● INPUT DATA

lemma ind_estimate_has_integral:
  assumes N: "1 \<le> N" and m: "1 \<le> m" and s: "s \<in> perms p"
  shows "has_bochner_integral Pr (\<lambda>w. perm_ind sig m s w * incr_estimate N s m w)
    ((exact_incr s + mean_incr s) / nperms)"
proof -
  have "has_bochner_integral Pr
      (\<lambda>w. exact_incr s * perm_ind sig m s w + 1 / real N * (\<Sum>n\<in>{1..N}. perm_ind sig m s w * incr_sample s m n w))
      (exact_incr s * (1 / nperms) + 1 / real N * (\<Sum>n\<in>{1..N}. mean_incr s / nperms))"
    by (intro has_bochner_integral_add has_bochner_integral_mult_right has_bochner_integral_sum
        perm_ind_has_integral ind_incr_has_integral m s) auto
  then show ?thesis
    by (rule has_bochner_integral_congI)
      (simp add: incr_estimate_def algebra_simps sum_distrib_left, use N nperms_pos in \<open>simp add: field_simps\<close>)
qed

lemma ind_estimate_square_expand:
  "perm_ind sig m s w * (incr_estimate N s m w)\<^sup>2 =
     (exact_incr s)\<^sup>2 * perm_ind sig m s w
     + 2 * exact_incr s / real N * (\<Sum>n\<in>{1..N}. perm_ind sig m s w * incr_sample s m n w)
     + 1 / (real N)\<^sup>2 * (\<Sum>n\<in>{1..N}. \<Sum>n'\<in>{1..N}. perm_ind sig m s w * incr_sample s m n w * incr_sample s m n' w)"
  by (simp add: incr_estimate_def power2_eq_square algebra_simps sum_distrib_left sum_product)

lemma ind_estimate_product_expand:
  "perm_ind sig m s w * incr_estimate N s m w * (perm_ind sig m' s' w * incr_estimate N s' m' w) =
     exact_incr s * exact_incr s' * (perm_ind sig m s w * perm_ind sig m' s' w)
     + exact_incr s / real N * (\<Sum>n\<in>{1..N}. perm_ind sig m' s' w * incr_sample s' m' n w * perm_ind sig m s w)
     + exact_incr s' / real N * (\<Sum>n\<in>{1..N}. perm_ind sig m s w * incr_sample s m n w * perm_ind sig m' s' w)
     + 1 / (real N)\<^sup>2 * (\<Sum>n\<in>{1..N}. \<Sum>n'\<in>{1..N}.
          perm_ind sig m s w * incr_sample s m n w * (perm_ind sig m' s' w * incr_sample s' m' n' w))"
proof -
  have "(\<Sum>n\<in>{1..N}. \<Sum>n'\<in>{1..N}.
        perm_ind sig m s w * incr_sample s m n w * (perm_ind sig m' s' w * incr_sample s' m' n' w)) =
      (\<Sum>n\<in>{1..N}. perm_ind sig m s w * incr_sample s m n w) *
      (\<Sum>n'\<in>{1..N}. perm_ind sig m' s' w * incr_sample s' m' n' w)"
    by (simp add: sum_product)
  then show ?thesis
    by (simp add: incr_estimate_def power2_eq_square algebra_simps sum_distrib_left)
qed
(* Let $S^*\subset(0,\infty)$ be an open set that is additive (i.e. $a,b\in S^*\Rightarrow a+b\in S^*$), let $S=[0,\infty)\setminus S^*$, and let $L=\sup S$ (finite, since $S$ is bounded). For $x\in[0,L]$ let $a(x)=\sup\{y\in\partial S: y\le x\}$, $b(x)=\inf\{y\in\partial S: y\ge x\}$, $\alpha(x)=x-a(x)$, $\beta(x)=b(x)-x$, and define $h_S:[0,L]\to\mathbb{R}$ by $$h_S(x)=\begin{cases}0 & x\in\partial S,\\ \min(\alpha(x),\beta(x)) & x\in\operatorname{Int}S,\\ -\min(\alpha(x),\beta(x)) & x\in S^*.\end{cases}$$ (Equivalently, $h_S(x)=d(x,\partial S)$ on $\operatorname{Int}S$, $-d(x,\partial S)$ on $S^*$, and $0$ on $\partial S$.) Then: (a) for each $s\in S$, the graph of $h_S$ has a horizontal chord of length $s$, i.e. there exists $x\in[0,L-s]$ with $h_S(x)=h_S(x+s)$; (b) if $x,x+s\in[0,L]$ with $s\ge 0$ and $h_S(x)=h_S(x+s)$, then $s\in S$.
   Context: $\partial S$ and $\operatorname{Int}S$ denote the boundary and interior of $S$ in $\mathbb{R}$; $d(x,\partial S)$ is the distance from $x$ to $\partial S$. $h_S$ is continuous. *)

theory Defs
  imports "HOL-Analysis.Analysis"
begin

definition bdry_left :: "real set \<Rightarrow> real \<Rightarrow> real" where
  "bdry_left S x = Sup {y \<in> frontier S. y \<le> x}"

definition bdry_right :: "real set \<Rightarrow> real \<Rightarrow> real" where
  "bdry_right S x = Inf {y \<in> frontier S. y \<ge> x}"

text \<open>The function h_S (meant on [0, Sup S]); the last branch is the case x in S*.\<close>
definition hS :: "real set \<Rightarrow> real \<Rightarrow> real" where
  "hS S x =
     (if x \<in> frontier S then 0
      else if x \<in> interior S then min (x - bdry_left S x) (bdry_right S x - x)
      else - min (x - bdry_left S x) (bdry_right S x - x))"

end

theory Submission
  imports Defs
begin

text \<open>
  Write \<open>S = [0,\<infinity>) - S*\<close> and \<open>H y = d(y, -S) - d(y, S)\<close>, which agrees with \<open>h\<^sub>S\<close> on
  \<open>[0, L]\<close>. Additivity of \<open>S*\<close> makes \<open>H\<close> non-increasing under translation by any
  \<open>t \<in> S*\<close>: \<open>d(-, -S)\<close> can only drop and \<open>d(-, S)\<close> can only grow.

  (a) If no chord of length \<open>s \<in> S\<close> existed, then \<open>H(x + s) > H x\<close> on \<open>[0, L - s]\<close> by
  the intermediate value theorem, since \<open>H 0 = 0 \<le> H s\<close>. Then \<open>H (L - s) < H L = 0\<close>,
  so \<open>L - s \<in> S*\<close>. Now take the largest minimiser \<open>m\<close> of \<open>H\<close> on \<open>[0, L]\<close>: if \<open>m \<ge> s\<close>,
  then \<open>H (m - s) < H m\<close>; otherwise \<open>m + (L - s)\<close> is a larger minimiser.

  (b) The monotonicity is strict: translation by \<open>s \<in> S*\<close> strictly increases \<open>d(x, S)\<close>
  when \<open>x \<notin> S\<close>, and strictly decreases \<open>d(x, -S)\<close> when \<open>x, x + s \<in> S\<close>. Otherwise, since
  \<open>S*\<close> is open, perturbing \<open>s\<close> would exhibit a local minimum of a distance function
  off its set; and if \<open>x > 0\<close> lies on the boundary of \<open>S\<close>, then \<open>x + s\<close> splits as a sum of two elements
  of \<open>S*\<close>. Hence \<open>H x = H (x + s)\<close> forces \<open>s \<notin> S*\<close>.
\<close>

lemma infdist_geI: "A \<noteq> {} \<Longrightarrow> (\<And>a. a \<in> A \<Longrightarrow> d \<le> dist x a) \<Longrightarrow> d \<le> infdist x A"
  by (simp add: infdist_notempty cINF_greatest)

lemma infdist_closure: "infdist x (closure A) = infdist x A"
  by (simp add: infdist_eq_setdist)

==

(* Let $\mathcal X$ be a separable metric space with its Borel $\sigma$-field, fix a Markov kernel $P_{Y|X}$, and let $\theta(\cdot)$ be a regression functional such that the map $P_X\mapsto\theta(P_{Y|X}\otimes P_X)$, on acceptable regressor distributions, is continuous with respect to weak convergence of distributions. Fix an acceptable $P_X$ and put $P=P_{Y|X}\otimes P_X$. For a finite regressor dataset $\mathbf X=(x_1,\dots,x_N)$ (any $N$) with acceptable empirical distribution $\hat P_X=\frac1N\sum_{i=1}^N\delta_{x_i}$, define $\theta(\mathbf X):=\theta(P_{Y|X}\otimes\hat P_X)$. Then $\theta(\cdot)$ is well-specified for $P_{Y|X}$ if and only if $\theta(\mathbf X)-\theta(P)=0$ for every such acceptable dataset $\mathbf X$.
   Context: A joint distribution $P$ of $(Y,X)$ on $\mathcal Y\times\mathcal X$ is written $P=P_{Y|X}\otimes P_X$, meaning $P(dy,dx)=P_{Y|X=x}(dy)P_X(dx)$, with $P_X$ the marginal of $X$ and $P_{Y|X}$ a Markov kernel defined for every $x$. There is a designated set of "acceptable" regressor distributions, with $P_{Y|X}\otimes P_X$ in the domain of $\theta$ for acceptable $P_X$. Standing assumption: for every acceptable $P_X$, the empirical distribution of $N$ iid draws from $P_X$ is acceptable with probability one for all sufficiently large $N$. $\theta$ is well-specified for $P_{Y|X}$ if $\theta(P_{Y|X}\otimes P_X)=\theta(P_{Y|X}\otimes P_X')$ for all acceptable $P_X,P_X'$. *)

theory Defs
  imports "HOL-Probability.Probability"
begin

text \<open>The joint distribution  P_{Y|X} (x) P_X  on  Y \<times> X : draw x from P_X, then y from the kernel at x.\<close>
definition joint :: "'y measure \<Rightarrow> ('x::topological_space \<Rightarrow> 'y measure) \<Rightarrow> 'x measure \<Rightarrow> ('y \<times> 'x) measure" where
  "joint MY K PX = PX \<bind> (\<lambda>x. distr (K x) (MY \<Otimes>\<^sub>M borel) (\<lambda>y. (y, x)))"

---

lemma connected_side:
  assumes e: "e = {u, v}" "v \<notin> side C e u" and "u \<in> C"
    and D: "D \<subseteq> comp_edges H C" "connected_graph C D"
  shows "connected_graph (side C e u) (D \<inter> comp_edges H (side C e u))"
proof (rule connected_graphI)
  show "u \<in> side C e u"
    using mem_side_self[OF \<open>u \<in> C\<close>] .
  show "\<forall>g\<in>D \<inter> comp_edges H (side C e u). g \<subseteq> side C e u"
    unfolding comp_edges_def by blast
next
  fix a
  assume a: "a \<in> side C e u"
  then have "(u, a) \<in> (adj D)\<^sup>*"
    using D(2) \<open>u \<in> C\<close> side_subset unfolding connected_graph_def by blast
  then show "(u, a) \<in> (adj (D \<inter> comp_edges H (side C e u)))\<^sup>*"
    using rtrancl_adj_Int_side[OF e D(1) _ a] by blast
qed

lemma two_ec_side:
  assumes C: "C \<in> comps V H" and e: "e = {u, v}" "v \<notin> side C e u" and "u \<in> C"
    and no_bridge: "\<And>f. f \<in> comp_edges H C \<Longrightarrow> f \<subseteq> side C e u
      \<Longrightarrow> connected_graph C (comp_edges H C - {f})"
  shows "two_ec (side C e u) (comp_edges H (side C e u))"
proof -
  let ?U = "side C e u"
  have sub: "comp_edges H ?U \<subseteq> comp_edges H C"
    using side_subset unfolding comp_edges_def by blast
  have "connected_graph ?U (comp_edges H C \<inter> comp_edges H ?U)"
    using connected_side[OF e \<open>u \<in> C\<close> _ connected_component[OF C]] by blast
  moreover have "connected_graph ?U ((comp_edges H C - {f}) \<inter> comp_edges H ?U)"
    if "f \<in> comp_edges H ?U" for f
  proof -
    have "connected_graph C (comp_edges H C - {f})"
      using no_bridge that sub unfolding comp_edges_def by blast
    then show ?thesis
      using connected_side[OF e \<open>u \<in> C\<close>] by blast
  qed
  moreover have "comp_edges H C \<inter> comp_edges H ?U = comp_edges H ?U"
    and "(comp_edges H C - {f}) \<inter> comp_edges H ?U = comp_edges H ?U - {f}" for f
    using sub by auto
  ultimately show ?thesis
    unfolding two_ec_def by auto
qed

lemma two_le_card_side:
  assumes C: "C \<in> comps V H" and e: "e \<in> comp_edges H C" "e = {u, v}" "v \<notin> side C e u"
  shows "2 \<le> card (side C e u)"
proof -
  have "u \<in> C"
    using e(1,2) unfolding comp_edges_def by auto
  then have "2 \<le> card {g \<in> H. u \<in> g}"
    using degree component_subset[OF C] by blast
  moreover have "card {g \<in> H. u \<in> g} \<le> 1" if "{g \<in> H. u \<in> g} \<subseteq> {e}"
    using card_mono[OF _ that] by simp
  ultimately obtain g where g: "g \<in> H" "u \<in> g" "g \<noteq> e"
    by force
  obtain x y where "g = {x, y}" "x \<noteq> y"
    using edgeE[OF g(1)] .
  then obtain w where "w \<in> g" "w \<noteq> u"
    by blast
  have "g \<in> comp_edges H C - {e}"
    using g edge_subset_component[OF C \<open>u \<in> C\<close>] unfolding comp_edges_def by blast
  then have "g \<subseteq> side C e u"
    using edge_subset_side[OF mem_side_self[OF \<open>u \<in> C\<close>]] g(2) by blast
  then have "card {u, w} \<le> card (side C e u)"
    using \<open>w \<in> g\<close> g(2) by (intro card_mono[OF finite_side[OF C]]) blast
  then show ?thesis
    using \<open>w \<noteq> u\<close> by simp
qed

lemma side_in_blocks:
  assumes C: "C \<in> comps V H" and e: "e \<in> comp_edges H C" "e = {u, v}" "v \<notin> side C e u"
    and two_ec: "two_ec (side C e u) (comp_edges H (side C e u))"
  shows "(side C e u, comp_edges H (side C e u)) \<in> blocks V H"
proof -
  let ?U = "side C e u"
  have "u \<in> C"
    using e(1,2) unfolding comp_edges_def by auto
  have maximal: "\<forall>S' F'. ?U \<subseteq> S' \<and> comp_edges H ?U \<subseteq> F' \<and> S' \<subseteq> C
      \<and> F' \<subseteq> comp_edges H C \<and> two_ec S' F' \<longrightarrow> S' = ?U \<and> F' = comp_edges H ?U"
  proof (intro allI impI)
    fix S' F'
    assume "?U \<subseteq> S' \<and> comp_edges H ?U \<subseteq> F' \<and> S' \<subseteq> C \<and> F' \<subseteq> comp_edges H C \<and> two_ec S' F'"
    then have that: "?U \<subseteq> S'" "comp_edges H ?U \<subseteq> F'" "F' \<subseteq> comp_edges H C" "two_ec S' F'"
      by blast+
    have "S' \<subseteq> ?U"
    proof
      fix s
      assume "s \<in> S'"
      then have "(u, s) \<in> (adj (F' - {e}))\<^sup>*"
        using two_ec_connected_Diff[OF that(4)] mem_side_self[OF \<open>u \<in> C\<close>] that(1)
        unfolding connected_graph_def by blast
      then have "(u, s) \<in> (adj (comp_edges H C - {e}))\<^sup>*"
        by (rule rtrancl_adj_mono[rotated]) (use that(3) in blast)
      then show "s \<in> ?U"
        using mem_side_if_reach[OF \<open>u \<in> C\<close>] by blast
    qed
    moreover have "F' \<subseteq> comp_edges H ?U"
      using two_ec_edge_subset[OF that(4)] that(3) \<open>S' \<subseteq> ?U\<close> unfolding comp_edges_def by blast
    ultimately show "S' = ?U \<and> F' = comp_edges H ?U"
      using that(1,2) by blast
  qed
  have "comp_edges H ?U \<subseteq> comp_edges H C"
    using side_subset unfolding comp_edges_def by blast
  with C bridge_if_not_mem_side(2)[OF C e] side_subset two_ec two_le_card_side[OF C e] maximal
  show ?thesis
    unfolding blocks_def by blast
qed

● EXERCISE AIM
Among the preceding records, how many lines include the word "distance"? Reply with the number only.

● TASK RESPONSE
2